text \<open>The Gamma integral after the substitution t = b u:
  integral_0^oo t^(z-1) exp(-b t) dt = b^(-z) Gamma(z) for Re z > 0 and b > 0.\<close>

lemma has_integral_Gamma_scaled:
  fixes z :: complex and b :: real
  assumes z: "Re z > 0" and b: "b > 0"
  shows "((\<lambda>t. of_real t powr (z-1) / of_real (exp (b*t))) has_integral
            (of_real b powr (-z) * Gamma z)) {0<..}"
proof -
  define F where "F t = indicator {0<..} t *\<^sub>R (of_real t powr (z-1) / of_real (exp t) :: complex)" for t :: real
  define h where "h = (\<lambda>t::real. of_real t powr (z-1) / of_real (exp (b*t)) :: complex)"
  have gamma_int: "set_integrable lebesgue {0<..} (\<lambda>t. of_real t powr (z-1) / of_real (exp t) :: complex)"
    using absolutely_integrable_Gamma_integral'[OF z] by simp
  have "(LINT t:{0<..}|lebesgue. of_real t powr (z-1) / of_real (exp t) :: complex) = Gamma z"
    using set_lebesgue_integral_eq_integral(2)[OF gamma_int] Gamma_integral_complex'[OF z]
    by (simp add: integral_unique)
  hence F_integral: "integral\<^sup>L lebesgue F = Gamma z"
    unfolding F_def by (simp add: set_lebesgue_integral_def)
  have h_int: "set_integrable lebesgue {0<..} h"
    using absolutely_integrable_Gamma_integral[OF z b] by (simp add: h_def)
  have F_scaled: "F (b * x) = of_real b powr (z-1) * (indicator {0<..} x *\<^sub>R h x)" for x :: real
  proof (cases "x > 0")
    case True
    have "of_real (b*x) powr (z-1) = of_real b powr (z-1) * (of_real x powr (z-1) :: complex)"
      by (subst of_real_mult, rule powr_times_real) (use True b in auto)
    thus ?thesis using True b by (simp add: F_def h_def indicator_def)
  next
    case False
    hence "\<not> b * x > 0" using b by (simp add: mult_pos_pos zero_less_mult_iff)
    thus ?thesis using False by (simp add: F_def indicator_def)
  qed
  have "Gamma z = \<bar>b\<bar> *\<^sub>R integral\<^sup>L lebesgue (\<lambda>x. F (0 + b * x))"
    using F_integral lebesgue_integral_real_affine[of b F 0] b by simp
  also have "\<dots> = of_real b * (of_real b powr (z-1) * (LINT x:{0<..}|lebesgue. h x))"
    using b by (simp add: F_scaled set_lebesgue_integral_def scaleR_conv_of_real del: of_real_mult)
  also have "of_real b * (of_real b powr (z-1) * (LINT x:{0<..}|lebesgue. h x)) =
             of_real b powr z * (LINT x:{0<..}|lebesgue. h x)"
  proof -
    have "(of_real b :: complex) powr z = of_real b powr ((z - 1) + 1)" by simp
    also have "\<dots> = of_real b powr (z-1) * of_real b powr 1" by (rule powr_add)
    also have "\<dots> = of_real b powr (z-1) * of_real b" by simp
    finally show ?thesis by simp
  qed
  finally have "(LINT x:{0<..}|lebesgue. h x) = of_real b powr (-z) * Gamma z"
    using b by (simp add: powr_minus field_simps)
  with has_integral_set_lebesgue[OF h_int] show ?thesis by (simp add: h_def)
qed
(* Let $M\in\mathbb{R}^{m\times m}$ be symmetric positive definite, let $\delta_1,\dots,\delta_{s+1}>0$, $\Delta=\mathrm{diag}(\delta_1,\dots,\delta_s)$ and $\Delta_{\mathrm{new}}=\mathrm{diag}(\delta_1,\dots,\delta_{s+1})$, and let $U\in\mathbb{R}^{m\times s}$. Suppose $U\Delta=V\Sigma W^*$ is the exact core SVD of $U\Delta:\mathbb{R}^s_\Delta\to\mathbb{R}^m_M$, where $V\in\mathbb{R}^{m\times k}$ with $V^TMV=I$, $W\in\mathbb{R}^{s\times k}$ with $W^T\Delta W=I$, $W^*=W^T\Delta$, and $\Sigma\in\mathbb{R}^{k\times k}$. Let $c\in\mathbb{R}^m$ and define $$h=c-VV^*c,\quad p=\|h\|_M,\quad Q=\begin{bmatrix}\Sigma&\delta_{s+1}^{1/2}V^*c\\0&\delta_{s+1}^{1/2}p\end{bmatrix}\in\mathbb{R}^{(k+1)\times(k+1)},$$ where $V^*=V^TM$. If $p>0$ and the standard core SVD of $Q$ is $Q=V_Q\Sigma_QW_Q^T$, then the core SVD of $[\,U\ c\,]\Delta_{\mathrm{new}}:\mathbb{R}^{s+1}_{\Delta_{\mathrm{new}}}\to\mathbb{R}^m_M$ is given by $$[\,U\ c\,]\Delta_{\mathrm{new}}=V_{\mathrm{new}}\Sigma_QW_{\mathrm{new}}^*,$$ where $V_{\mathrm{new}}=[\,V\ j\,]V_Q$ with $j=h/p$, $W_{\mathrm{new}}=W_uW_Q$ with $W_u=\begin{bmatrix}W&0\\0&\delta_{s+1}^{-1/2}\end{bmatrix}$, and $W_{\mathrm{new}}^*=W_{\mathrm{new}}^T\Delta_{\mathrm{new}}$.
   Context: For symmetric positive definite $M$, $\mathbb{R}^m_M$ is $\mathbb{R}^m$ with inner product $(x,y)_M=y^TMx$ and norm $\|x\|_M=(x^TMx)^{1/2}$; similarly for $\mathbb{R}^s_\Delta$. For a matrix $A:\mathbb{R}^s_\Delta\to\mathbb{R}^m_M$ the Hilbert adjoint is $A^*=\Delta^{-1}A^TM$. If $A$ has exactly $k$ positive singular values $\sigma_1\ge\cdots\ge\sigma_k>0$, a core SVD of $A$ is a factorization $A=V\Sigma W^*$ with $\Sigma=\mathrm{diag}(\sigma_1,\dots,\sigma_k)$, $V\in\mathbb{R}^{m\times k}$ whose columns are $M$-orthonormal eigenvectors of $AA^*$, $W\in\mathbb{R}^{s\times k}$ whose columns are $\Delta$-orthonormal eigenvectors of $A^*A$, satisfying $AW=V\Sigma$, $A^*V=W\Sigma$, and $W^*=W^T\Delta$. The standard core SVD is the case where both inner products are the standard unweighted ones. *)

theory Defs
  imports "Jordan_Normal_Form.Gauss_Jordan_Elimination"
begin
======
Take the first line of the material above as the start and the line that contains "using absolutely_integrable_Gamma_integral'[OF z]" as the end. Output only that span, every line exactly as it stands.

text \<open>The Gamma integral after the substitution t = b u:
  integral_0^oo t^(z-1) exp(-b t) dt = b^(-z) Gamma(z) for Re z > 0 and b > 0.\<close>

lemma has_integral_Gamma_scaled:
  fixes z :: complex and b :: real
  assumes z: "Re z > 0" and b: "b > 0"
  shows "((\<lambda>t. of_real t powr (z-1) / of_real (exp (b*t))) has_integral
            (of_real b powr (-z) * Gamma z)) {0<..}"
proof -
  define F where "F t = indicator {0<..} t *\<^sub>R (of_real t powr (z-1) / of_real (exp t) :: complex)" for t :: real
  define h where "h = (\<lambda>t::real. of_real t powr (z-1) / of_real (exp (b*t)) :: complex)"
  have gamma_int: "set_integrable lebesgue {0<..} (\<lambda>t. of_real t powr (z-1) / of_real (exp t) :: complex)"
    using absolutely_integrable_Gamma_integral'[OF z] by simp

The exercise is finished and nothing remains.